Repeat the following lines exactly and nothing else: the line containing "ultimately show ?thesis using" and each line after it through the end of the listing.
-------- Record extracts --------
lemma card_layers_of_chain:
  fixes N :: "nat \<Rightarrow> 'a set" and F :: "'a set set"
  assumes "mono N" and "finite F"
  shows "int (card {W\<in>F. N 0 \<subseteq> W \<and> W \<subseteq> N 1})
         + (\<Sum>r = 2..e. int (card {W\<in>F. N (r - 1) \<subseteq> W \<and> W \<subseteq> N r}) - 1) \<le> int (card F)"
proof -
  define I where "I r = {W\<in>F. N (r - 1) \<subseteq> W \<and> W \<subseteq> N r}" for r
  have finite_I: "finite (I r)" for r using assms(2) unfolding I_def by simp
  have layers: "int (card (I 1)) + (\<Sum>r = 2..n. int (card (I r)) - 1) \<le> int (card (\<Union>r\<in>{1..n}. I r))"
    if "1 \<le> n" for n
    using that
  proof (induction rule: dec_induct)
    case base
    then show ?case by simp
  next
    case (step n)
    let ?J = "\<Union>r\<in>{1..n}. I r"
    \<comment> \<open>Earlier layers lie below N n and the new one above it, so they share at most N n.\<close>
    have "W \<subseteq> N n" if "W \<in> ?J" for W
      using that monoD[OF assms(1)] unfolding I_def by fastforce
    moreover have "N n \<subseteq> W" if "W \<in> I (Suc n)" for W
      using that unfolding I_def by simp
    ultimately have "?J \<inter> I (Suc n) \<subseteq> {N n}" by blast
    then have "card (?J \<inter> I (Suc n)) \<le> 1"
      using card_mono[of "{N n}"] by simp
    moreover have "card ?J + card (I (Suc n)) = card (?J \<union> I (Suc n)) + card (?J \<inter> I (Suc n))"
      using finite_I by (intro card_Un_Int) auto
    moreover have "{2..Suc n} = insert (Suc n) {2..n}"
      using step.hyps by auto
    moreover have "(\<Union>r\<in>{1..Suc n}. I r) = ?J \<union> I (Suc n)"
      by (simp add: atLeastAtMostSuc_conv Un_commute)
    ultimately show ?case using step.IH step.hyps by simp
  qed
  have "int (card (I 1)) + (\<Sum>r = 2..e. int (card (I r)) - 1) \<le> int (card F)"
  proof (cases "e = 0")
    case True
    then show ?thesis using card_mono[OF assms(2)] unfolding I_def by simp
  next
    case False
    have "card (\<Union>r\<in>{1..e}. I r) \<le> card F"
      using assms(2) unfolding I_def by (auto intro: card_mono)
    then show ?thesis using layers[of e] False by simp
  qed
  then show ?thesis by (simp add: I_def)
qed

lemma mono_annN: "mono (annN :: nat \<Rightarrow> 'a::comm_ring set)"
proof -
  have "annN k \<subseteq> (annN (Suc k) :: 'a set)" for k by (induction k) auto
  then show ?thesis by (simp add: mono_iff_le_Suc)
qed

context
  fixes sc :: "'k::field \<Rightarrow> 'a::comm_ring \<Rightarrow> 'a"
  assumes algebra: "is_algebra sc"
begin

interpretation vector_space sc using algebra unfolding is_algebra_def by blast

lemma subspace_annN: "subspace (annN k)"
proof (induction k)
  case 0
  then show ?case by (simp add: subspace_def)
next
  case (Suc k)
  have "x * sc c y = sc c (x * y)" for c x y using algebra unfolding is_algebra_def by simp
  then show ?case
    using subspace_0[OF Suc] subspace_add[OF Suc] subspace_scale[OF Suc]
    by (auto simp: subspace_def distrib_left)
qed

lemma num_subspaces_le_card_ideals_between_annN:
  assumes "finite (UNIV :: 'a set)"
  shows "num_subspaces TYPE('k) (dim (annN (Suc k)) - dim (annN k))
    \<le> card {I. alg_ideal sc I \<and> annN k \<subseteq> I \<and> I \<subseteq> annN (Suc k)}"
proof -
  have "{I. alg_ideal sc I \<and> annN k \<subseteq> I \<and> I \<subseteq> annN (Suc k)}
      = {W. subspace W \<and> annN k \<subseteq> W \<and> W \<subseteq> annN (Suc k)}"
    unfolding alg_ideal_def by auto
  moreover have "annN k \<subseteq> annN (Suc k)" by (rule monoD[OF mono_annN]) simp
  ultimately show ?thesis
    using num_subspaces_le_card_subspaces_between[OF subspace_annN subspace_annN _
        finite_subset[OF subset_UNIV assms]]
    by (simp del: annN.simps)
qed

end

theorem proposition3p1:
  fixes sc :: "'k::{field,finite} \<Rightarrow> 'a::comm_ring \<Rightarrow> 'a"
    and p e :: nat
  assumes "prime p" and "card (UNIV :: 'k set) = p"
    and "is_algebra sc"
    and "\<exists>B. finite B \<and> module.span sc B = UNIV"
    and "\<exists>x::'a. x \<noteq> 0"
    and "e \<ge> 1"
    and "alg_pow sc e \<noteq> {0}" and "alg_pow sc (e + 1) = {0}"
  shows "int (num_subspaces TYPE('k) (vector_space.dim sc (annN 1 :: 'a set)
              - vector_space.dim sc (annN 0 :: 'a set)))
         + (\<Sum>r = 2..e. int (num_subspaces TYPE('k) (vector_space.dim sc (annN r :: 'a set)
              - vector_space.dim sc (annN (r - 1) :: 'a set))) - 1)
         \<le> int (card {I. alg_ideal sc I})"
proof -
  have finite_A: "finite (UNIV :: 'a set)"
    using assms(3,4) finite_span_finite_scalars unfolding is_algebra_def by metis
  define s where "s r = num_subspaces TYPE('k)
    (vector_space.dim sc (annN r :: 'a set) - vector_space.dim sc (annN (r - 1) :: 'a set))" for r
  define layer where "layer r = {I. alg_ideal sc I \<and> annN (r - 1) \<subseteq> I \<and> I \<subseteq> (annN r :: 'a set)}" for r
  have s_layer: "s r \<le> card (layer r)" if "r \<ge> 1" for r
    using num_subspaces_le_card_ideals_between_annN[OF assms(3) finite_A, of "r - 1"] that
    unfolding s_def layer_def by (simp del: annN.simps)
  have "finite {I :: 'a set. alg_ideal sc I}"
    using finite_A by (auto intro: finite_subset[of _ "Pow UNIV"])
  from card_layers_of_chain[OF mono_annN this, of e]
  have "int (card (layer 1)) + (\<Sum>r = 2..e. int (card (layer r)) - 1) \<le> int (card {I. alg_ideal sc I})"
    by (simp add: layer_def del: annN.simps)
  moreover have "(\<Sum>r = 2..e. int (s r) - 1) \<le> (\<Sum>r = 2..e. int (card (layer r)) - 1)"
    by (intro sum_mono diff_right_mono of_nat_mono s_layer) simp
  ultimately show ?thesis using s_layer[of 1] unfolding s_def by (simp del: annN.simps)
qed

end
--------
:: Result for this task ::
  ultimately show ?thesis using s_layer[of 1] unfolding s_def by (simp del: annN.simps)
qed

end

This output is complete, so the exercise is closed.